# How to complete this task
The entries below contain a stretch that opens with the line containing "Context: Fix $n\ge" and closes with the line containing "in S matter)."; set down that stretch exactly, both ends included, and nothing else.

# Data listing
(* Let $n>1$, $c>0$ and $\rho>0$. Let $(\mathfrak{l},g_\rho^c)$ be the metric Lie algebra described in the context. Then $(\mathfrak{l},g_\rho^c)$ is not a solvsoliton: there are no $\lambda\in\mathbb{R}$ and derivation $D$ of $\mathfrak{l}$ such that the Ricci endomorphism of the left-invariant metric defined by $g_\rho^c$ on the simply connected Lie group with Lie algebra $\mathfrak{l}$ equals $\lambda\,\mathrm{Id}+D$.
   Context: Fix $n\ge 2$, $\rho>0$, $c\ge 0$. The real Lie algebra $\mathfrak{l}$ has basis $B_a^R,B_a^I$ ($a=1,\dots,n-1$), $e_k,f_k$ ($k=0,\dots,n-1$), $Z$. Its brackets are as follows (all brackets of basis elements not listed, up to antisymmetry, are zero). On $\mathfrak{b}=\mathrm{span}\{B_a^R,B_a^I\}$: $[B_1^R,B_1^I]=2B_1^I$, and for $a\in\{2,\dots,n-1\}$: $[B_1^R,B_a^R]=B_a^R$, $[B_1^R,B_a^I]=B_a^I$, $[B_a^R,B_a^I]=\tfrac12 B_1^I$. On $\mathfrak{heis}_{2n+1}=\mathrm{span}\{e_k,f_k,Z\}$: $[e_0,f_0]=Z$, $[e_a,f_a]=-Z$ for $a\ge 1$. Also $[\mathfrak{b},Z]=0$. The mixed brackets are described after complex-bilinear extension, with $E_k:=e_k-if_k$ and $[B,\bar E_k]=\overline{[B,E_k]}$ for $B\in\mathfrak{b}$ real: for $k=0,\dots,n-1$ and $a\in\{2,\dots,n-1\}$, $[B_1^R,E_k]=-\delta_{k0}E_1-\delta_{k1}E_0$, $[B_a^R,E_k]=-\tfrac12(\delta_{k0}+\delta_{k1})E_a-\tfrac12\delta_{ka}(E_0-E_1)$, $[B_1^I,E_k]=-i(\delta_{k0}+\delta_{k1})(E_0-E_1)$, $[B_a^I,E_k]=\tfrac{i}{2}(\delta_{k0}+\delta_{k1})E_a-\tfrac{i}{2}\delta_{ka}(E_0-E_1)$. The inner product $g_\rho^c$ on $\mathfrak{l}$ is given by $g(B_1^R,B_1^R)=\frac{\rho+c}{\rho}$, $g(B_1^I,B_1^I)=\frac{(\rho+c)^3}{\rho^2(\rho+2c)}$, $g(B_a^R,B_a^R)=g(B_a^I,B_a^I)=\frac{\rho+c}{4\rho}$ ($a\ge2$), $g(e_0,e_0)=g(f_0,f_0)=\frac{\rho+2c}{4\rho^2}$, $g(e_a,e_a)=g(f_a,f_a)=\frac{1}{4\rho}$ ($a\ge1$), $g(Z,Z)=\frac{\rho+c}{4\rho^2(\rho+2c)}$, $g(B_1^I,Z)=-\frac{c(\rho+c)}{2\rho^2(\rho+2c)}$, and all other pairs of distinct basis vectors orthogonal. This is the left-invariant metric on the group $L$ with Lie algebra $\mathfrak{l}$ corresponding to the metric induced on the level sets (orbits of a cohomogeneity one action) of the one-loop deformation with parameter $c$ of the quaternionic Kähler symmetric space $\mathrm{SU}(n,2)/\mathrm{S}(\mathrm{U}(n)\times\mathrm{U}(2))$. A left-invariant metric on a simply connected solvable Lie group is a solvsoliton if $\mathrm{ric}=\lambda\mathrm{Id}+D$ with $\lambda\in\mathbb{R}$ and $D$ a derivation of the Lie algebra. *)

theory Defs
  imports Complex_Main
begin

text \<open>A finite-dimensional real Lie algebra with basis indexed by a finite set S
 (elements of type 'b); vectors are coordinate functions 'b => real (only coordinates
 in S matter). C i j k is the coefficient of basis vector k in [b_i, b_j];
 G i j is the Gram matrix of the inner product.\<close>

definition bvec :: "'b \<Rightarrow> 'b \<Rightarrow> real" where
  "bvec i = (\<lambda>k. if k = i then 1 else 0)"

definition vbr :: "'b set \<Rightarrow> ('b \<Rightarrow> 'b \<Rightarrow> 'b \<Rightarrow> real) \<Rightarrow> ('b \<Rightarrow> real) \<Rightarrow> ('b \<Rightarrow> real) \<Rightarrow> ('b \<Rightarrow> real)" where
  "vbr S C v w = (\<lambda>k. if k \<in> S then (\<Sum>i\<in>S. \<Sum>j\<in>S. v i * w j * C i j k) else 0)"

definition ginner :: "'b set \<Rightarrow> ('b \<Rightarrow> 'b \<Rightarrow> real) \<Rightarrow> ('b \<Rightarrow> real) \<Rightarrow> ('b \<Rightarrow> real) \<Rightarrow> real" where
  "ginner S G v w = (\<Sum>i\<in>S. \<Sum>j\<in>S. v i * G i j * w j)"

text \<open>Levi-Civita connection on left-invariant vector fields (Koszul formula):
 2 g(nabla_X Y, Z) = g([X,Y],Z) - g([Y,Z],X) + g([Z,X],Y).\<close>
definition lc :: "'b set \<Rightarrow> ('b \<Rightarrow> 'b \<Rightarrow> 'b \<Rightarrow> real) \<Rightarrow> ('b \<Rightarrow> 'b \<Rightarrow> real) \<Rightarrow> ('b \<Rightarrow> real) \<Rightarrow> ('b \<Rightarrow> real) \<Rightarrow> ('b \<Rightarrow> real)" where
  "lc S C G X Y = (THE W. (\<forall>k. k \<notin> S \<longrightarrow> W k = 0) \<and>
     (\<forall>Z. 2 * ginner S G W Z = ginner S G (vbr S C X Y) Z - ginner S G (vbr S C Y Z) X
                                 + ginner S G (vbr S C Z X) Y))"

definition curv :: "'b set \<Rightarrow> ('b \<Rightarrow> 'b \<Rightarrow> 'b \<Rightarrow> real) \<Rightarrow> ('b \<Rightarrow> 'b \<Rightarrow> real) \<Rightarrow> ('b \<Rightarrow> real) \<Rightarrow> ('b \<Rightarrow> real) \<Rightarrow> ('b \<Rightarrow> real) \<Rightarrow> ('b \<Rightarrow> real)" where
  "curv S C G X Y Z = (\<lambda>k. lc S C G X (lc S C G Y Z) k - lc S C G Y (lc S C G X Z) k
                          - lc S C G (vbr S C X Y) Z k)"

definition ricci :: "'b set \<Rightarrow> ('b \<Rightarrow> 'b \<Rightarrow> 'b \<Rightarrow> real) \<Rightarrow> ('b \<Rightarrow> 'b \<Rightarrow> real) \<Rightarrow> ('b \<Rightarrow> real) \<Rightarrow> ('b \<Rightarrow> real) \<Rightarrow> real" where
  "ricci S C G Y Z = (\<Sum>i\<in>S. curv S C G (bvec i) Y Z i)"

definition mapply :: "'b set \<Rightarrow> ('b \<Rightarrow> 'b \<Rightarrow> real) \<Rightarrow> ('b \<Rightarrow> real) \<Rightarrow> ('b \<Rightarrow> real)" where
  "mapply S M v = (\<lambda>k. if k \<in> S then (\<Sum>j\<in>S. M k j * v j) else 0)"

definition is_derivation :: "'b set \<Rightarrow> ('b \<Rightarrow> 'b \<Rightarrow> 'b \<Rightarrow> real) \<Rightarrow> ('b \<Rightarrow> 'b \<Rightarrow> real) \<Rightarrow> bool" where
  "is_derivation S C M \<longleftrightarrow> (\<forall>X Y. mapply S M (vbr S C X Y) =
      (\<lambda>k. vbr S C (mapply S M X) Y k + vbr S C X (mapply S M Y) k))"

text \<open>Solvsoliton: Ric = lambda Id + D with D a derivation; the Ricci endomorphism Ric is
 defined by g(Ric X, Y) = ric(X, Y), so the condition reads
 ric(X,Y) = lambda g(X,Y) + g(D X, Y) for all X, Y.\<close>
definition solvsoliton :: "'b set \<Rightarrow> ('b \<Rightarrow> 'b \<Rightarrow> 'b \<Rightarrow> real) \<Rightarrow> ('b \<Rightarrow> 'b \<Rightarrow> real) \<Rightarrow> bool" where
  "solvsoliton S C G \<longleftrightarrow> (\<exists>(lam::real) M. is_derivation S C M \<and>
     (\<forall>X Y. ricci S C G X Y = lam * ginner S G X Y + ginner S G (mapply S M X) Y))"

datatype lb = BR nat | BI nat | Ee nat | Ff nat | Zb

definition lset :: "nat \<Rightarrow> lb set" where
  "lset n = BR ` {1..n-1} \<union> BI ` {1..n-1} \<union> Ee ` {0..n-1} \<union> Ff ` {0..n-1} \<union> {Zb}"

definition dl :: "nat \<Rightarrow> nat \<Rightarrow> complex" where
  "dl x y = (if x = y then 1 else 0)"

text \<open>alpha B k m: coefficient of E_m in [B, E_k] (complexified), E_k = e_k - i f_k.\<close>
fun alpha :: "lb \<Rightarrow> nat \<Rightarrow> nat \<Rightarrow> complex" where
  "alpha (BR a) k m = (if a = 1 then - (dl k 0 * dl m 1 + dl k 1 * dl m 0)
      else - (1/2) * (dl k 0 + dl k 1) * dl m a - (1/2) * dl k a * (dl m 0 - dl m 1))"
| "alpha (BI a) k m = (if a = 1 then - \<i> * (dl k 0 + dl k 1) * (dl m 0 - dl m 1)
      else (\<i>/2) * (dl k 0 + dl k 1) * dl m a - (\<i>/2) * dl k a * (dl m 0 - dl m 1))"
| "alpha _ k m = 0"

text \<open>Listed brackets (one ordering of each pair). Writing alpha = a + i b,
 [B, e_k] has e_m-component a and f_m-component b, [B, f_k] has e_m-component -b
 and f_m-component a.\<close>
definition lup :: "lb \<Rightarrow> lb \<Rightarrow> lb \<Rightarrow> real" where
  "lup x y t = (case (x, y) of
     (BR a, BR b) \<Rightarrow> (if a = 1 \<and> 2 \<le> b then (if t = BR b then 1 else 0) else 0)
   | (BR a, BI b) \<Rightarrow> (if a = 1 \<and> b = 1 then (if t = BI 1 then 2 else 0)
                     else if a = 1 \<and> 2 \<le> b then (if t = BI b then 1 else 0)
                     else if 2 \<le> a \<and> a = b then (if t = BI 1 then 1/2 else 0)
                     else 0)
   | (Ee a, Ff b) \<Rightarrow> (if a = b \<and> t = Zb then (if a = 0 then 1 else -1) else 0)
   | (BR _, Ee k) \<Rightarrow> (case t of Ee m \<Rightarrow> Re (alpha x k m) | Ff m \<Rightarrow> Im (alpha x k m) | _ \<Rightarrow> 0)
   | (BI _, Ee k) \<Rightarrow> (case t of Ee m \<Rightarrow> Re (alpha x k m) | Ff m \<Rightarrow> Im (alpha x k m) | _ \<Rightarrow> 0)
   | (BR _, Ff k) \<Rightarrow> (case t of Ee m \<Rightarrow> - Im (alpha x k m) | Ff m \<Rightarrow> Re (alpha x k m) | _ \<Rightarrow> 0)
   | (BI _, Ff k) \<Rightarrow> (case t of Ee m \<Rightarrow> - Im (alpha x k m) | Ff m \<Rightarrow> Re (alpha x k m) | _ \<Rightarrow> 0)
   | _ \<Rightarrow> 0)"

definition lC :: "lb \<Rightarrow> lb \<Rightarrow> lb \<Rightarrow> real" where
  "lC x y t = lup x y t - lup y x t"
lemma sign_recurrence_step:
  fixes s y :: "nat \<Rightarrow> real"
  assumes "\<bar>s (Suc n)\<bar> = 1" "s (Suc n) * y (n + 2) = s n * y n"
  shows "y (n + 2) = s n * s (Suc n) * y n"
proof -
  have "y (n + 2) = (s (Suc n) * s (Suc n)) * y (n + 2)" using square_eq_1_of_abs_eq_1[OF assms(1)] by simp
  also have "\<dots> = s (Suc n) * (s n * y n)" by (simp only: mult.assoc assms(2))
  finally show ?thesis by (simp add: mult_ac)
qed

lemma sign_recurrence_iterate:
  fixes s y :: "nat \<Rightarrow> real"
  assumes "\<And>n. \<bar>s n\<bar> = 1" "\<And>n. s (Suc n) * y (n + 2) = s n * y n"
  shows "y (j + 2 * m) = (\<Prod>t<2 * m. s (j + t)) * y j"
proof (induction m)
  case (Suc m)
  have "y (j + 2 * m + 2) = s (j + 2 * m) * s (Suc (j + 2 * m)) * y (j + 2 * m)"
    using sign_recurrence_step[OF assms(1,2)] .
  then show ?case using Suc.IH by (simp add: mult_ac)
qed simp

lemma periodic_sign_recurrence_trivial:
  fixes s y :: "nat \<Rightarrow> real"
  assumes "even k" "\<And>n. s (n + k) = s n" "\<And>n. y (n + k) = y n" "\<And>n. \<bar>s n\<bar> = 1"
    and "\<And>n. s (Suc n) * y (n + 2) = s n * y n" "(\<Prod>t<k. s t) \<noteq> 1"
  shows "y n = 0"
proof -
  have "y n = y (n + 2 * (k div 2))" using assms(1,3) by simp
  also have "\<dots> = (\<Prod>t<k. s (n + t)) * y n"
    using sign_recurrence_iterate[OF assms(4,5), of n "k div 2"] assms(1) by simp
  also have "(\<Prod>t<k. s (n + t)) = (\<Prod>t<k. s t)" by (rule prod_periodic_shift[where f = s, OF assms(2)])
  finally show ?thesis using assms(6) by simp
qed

# Reply to the task
   Context: Fix $n\ge 2$, $\rho>0$, $c\ge 0$. The real Lie algebra $\mathfrak{l}$ has basis $B_a^R,B_a^I$ ($a=1,\dots,n-1$), $e_k,f_k$ ($k=0,\dots,n-1$), $Z$. Its brackets are as follows (all brackets of basis elements not listed, up to antisymmetry, are zero). On $\mathfrak{b}=\mathrm{span}\{B_a^R,B_a^I\}$: $[B_1^R,B_1^I]=2B_1^I$, and for $a\in\{2,\dots,n-1\}$: $[B_1^R,B_a^R]=B_a^R$, $[B_1^R,B_a^I]=B_a^I$, $[B_a^R,B_a^I]=\tfrac12 B_1^I$. On $\mathfrak{heis}_{2n+1}=\mathrm{span}\{e_k,f_k,Z\}$: $[e_0,f_0]=Z$, $[e_a,f_a]=-Z$ for $a\ge 1$. Also $[\mathfrak{b},Z]=0$. The mixed brackets are described after complex-bilinear extension, with $E_k:=e_k-if_k$ and $[B,\bar E_k]=\overline{[B,E_k]}$ for $B\in\mathfrak{b}$ real: for $k=0,\dots,n-1$ and $a\in\{2,\dots,n-1\}$, $[B_1^R,E_k]=-\delta_{k0}E_1-\delta_{k1}E_0$, $[B_a^R,E_k]=-\tfrac12(\delta_{k0}+\delta_{k1})E_a-\tfrac12\delta_{ka}(E_0-E_1)$, $[B_1^I,E_k]=-i(\delta_{k0}+\delta_{k1})(E_0-E_1)$, $[B_a^I,E_k]=\tfrac{i}{2}(\delta_{k0}+\delta_{k1})E_a-\tfrac{i}{2}\delta_{ka}(E_0-E_1)$. The inner product $g_\rho^c$ on $\mathfrak{l}$ is given by $g(B_1^R,B_1^R)=\frac{\rho+c}{\rho}$, $g(B_1^I,B_1^I)=\frac{(\rho+c)^3}{\rho^2(\rho+2c)}$, $g(B_a^R,B_a^R)=g(B_a^I,B_a^I)=\frac{\rho+c}{4\rho}$ ($a\ge2$), $g(e_0,e_0)=g(f_0,f_0)=\frac{\rho+2c}{4\rho^2}$, $g(e_a,e_a)=g(f_a,f_a)=\frac{1}{4\rho}$ ($a\ge1$), $g(Z,Z)=\frac{\rho+c}{4\rho^2(\rho+2c)}$, $g(B_1^I,Z)=-\frac{c(\rho+c)}{2\rho^2(\rho+2c)}$, and all other pairs of distinct basis vectors orthogonal. This is the left-invariant metric on the group $L$ with Lie algebra $\mathfrak{l}$ corresponding to the metric induced on the level sets (orbits of a cohomogeneity one action) of the one-loop deformation with parameter $c$ of the quaternionic Kähler symmetric space $\mathrm{SU}(n,2)/\mathrm{S}(\mathrm{U}(n)\times\mathrm{U}(2))$. A left-invariant metric on a simply connected solvable Lie group is a solvsoliton if $\mathrm{ric}=\lambda\mathrm{Id}+D$ with $\lambda\in\mathbb{R}$ and $D$ a derivation of the Lie algebra. *)

theory Defs
  imports Complex_Main
begin

text \<open>A finite-dimensional real Lie algebra with basis indexed by a finite set S
 (elements of type 'b); vectors are coordinate functions 'b => real (only coordinates
 in S matter). C i j k is the coefficient of basis vector k in [b_i, b_j];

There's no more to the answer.